36. Diffie-Hellman • Diffie-Hellman (1976) utilizes a public key system, which is the oldest public key system in use. It offers better performance than other encryption algorithms since it is focused on the trading of a shared key between two users who have not contacted each other before. • . Used in the electronic key exchange method of the Secure Sockets Layer (SSL) protocol. • Used by the SSH and commonly used in IPsec protocols. • The protocol, like RSA, uses large prime numbers to work. • It is very effective because it protects a temporary, automatically generated secret key that is only good for a single communication session.

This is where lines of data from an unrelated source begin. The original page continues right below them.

text \<open>
  The vertices outside U have their final values. While U consists of the first two vertices
  only, one more detour is allowed: the one that separated them.
\<close>
definition detours_settle :: "'a set \<Rightarrow> 'a set set \<Rightarrow> ('a \<Rightarrow> nat) \<Rightarrow> 'a set \<Rightarrow> 'a set list \<Rightarrow> bool" where
  "detours_settle V E d U L \<longleftrightarrow> set L \<subseteq> E
    \<and> length L \<le> card (edges_within E (V - U)) + (if card U = 2 then 1 else 0)
    \<and> proper_on E (V - U) (detour_degree d L)
    \<and> (card U = 2 \<longrightarrow> proper_on E U (detour_degree d L))"

lemma detours_settle_remove:
  fixes d :: "'a \<Rightarrow> nat"
  assumes G: "simple_graph V E" and "U \<subseteq> V" and "2 \<le> card U" and "v \<in> V - U" and "p \<in> U"
    and vp: "{v, p} \<in> E" and settle: "detours_settle V E d (insert v U) L"
  shows "\<exists>L'. detours_settle V E d U L'"
proof -
  define T where "T = V - insert v U"
  define Q where "Q = (if card U = 2 then U - {p} else {})"
  have "finite V"
    using G by (simp add: simple_graph_def)
  have "finite U"
    using \<open>U \<subseteq> V\<close> \<open>finite V\<close> by (rule finite_subset)
  then have "card (insert v U) \<noteq> 2"
    using \<open>v \<in> V - U\<close> \<open>2 \<le> card U\<close> by simp
  then have L: "set L \<subseteq> E" "length L \<le> card (edges_within E T)" "proper_on E T (detour_degree d L)"
    using settle by (simp_all add: detours_settle_def T_def)
  have "finite T" and "v \<notin> T" and "p \<notin> insert v T" and "finite Q" and "v \<notin> Q" and "p \<notin> Q"
    using \<open>finite V\<close> \<open>finite U\<close> \<open>p \<in> U\<close> \<open>v \<in> V - U\<close> by (auto simp: T_def Q_def)
  from proper_on_insert_by_detours[OF this(1) L(3) this(2-)]
  obtain x where x: "x \<le> card {w\<in>T. {v, w} \<in> E} + card Q"
    and proper: "proper_on E (insert v T) (detour_degree d (L @ replicate x {v, p}))"
    and Q: "\<forall>q\<in>Q. detour_degree d (L @ replicate x {v, p}) p \<noteq> detour_degree d (L @ replicate x {v, p}) q"
    by blast
  have V_U: "V - U = insert v T"
    using \<open>v \<in> V - U\<close> by (auto simp: T_def)
  have "card (edges_within E T) + card {w\<in>T. {v, w} \<in> E} \<le> card (edges_within E (V - U))"
    unfolding V_U by (rule card_edges_within_insert[OF simple_graph_finite_edges[OF G] \<open>v \<notin> T\<close>])
  moreover have "card Q = (if card U = 2 then 1 else 0)"
    using \<open>p \<in> U\<close> by (simp add: Q_def)
  ultimately have "length (L @ replicate x {v, p}) \<le> card (edges_within E (V - U)) + (if card U = 2 then 1 else 0)"
    using L(2) x by simp
  moreover have "card U = 2 \<longrightarrow> proper_on E U (detour_degree d (L @ replicate x {v, p}))"
    using proper_on_card_2[OF _ \<open>p \<in> U\<close>] Q by (simp add: Q_def)
  ultimately show ?thesis
    using L(1) vp proper V_U unfolding detours_settle_def
    by (intro exI[of _ "L @ replicate x {v, p}"]) (simp add: set_replicate_conv_if)
qed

37. ElGamal and ECC • ElGamal is used as the U.S. government standard for digital signatures, and may also be used for encryption. • ECC - Elliptic curve cryptography (ECC) works on the basis of elliptic curves. • An elliptic curve is a simple function that is drawn as a gently looping curve on the X and Y plane. • Two points can be added to get a third point on the curve. • However, due to lack of analysis, the security of elliptic curve systems has been a concern.

38. Confidentiality • Confidentiality – most widely recognized component and the primary purpose of early ciphers was to make sure that the information was kept secret • Symmetric encryption is favored to store and transmit data. • Asymmetric cryptography does protect confidentiality. • Size and speed make it more efficient at protecting the confidentiality of small units such as for electronic key exchange.

39. Integrity • When a message is sent, both the sender and the recipient need to know that the message was not altered in transmission. • This integrity is provided with one-way hash functions and digital signatures. • A hash value is combined with asymmetric cryptography by taking the message's hash value and encrypting it with the user's private key. • Anyone with the user's public key decrypts the hash and compares it to the locally computed hash.

40. Nonrepudiation and Authentication • Nonrepudiation means that the senders cannot later deny that they sent the message. • It is based upon public key cryptography and the principle of only you knowing your private key. • Authentication is being able to prove one’s identity. • Authentication can be done by a password, token, or biometric. • Digital certificates are one form of such tokens. • Asymmetric encryption is better suited than symmetric encryption to prove one’s identity.

41. Digital Signatures • Digital signatures are based upon both hashing functions (provides message integrity) and asymmetric cryptography. • Create Message • Calculate Hash • Encrypt With Private Key • Append to Message • Recipient Decrypts With Public Key • Recipient Verifies Hash • Correct = Nonrepudiation

42. Key Escrow • Key escrow is a system by which a private key is kept both by the user and by the government. • Key escrow and key recovery are two issues in the use of asymmetric encryption that are often discussed.